WHAT YOU NEED TO DO: All that should appear is the line containing "show ?thesis" and the lines after it in the records below, each reproduced exactly.

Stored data
"""

lemma sum_down_set_hook_identity:
  assumes P: "is_partition lam" and ne: "lam \<noteq> {}" and nu: "nu \<in> up_set lam"
  shows "real (num_syt lam * num_syt nu) / real (card lam) +
    (\<Sum>mu\<in>down_set lam. real (num_syt mu * num_syt nu) / (real (hook lam (c_cell lam mu nu)))\<^sup>2) =
    (real (card lam) + 1) / real (card lam) * (real (num_syt lam))\<^sup>2"
proof -
  define n K where "n = card lam" and "K = card lam + 2"
  define x where "x = beta K (row_len lam)"
  obtain i where i: "i \<in> addable_rows lam" and nu_eq: "nu = insert (add_cell lam i) lam"
    using nu up_set_eq_image[OF P] by auto
  have KP: "\<forall>(a, b)\<in>lam. b < K" using partition_rows_less[OF P] unfolding K_def by simp
  have R: "removable_rows lam \<subseteq> {1..K}" using removable_rows_subset[OF P KP] by auto
  have "i \<in> {1..K}" using addable_rows_subset[OF P] i unfolding K_def by auto
  have "(\<Sum>mu\<in>down_set lam. real (num_syt mu * num_syt nu) / (real (hook lam (c_cell lam mu nu)))\<^sup>2) =
      (\<Sum>j\<in>removable_rows lam. (real (num_syt lam))\<^sup>2 *
        (down_ratio K x n j * up_ratio K x n i / (x i + 1 - x j)\<^sup>2))"
    unfolding down_set_eq_image[OF P] sum.reindex[OF inj_on_remove_corner_cell[OF P]] nu_eq
    using num_syt_hook_term_eq[OF P _ i, of K] unfolding K_def n_def x_def by simp
  also have "\<dots> = (real (num_syt lam))\<^sup>2 *
      (\<Sum>j\<in>removable_rows lam. down_ratio K x n j * up_ratio K x n i / (x i + 1 - x j)\<^sup>2)"
    by (simp add: sum_distrib_left)
  also have "(\<Sum>j\<in>removable_rows lam. down_ratio K x n j * up_ratio K x n i / (x i + 1 - x j)\<^sup>2) =
      (\<Sum>j\<in>{1..K}. down_ratio K x n j * up_ratio K x n i / (x i + 1 - x j)\<^sup>2)"
    by (rule sum.mono_neutral_left) (use R down_ratio_not_removable[OF P KP] in \<open>auto simp: x_def\<close>)
  finally have sum: "(\<Sum>mu\<in>down_set lam. real (num_syt mu * num_syt nu) / (real (hook lam (c_cell lam mu nu)))\<^sup>2) =
      (real (num_syt lam))\<^sup>2 * (\<Sum>j\<in>{1..K}. down_ratio K x n j * up_ratio K x n i / (x i + 1 - x j)\<^sup>2)" .
  have "card lam + 1 < K" by (simp add: K_def)
  have first: "real (num_syt lam * num_syt nu) / real n = (real (num_syt lam))\<^sup>2 * (up_ratio K x n i / real n)"
    unfolding nu_eq of_nat_mult num_syt_insert_add_cell[OF P \<open>card lam + 1 < K\<close> i]
    by (simp add: n_def x_def power2_eq_square)
  have identity: "up_ratio K x n i / real n +
      (\<Sum>j\<in>{1..K}. down_ratio K x n j * up_ratio K x n i / (x i + 1 - x j)\<^sup>2) = (real n + 1) / real n"
  proof (rule up_ratio_plus_sum_down_ratio)
    show "1 \<le> K" "0 < n" "\<forall>i\<in>{1..K}. 0 \<le> x i"
      using is_partition_finite[OF P] ne by (auto simp: K_def n_def x_def beta_def card_gt_0_iff)
  qed (use \<open>i \<in> {1..K}\<close> inj_on_beta_row_len[OF P] beta_plus_one_notin[OF P i] in \<open>simp_all add: x_def\<close>)
  show ?thesis
    unfolding n_def[symmetric] sum first distrib_left[symmetric] identity by (simp only: mult.commute)
qed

"""

REPLY TO THE TASK:
  show ?thesis
    unfolding n_def[symmetric] sum first distrib_left[symmetric] identity by (simp only: mult.commute)
qed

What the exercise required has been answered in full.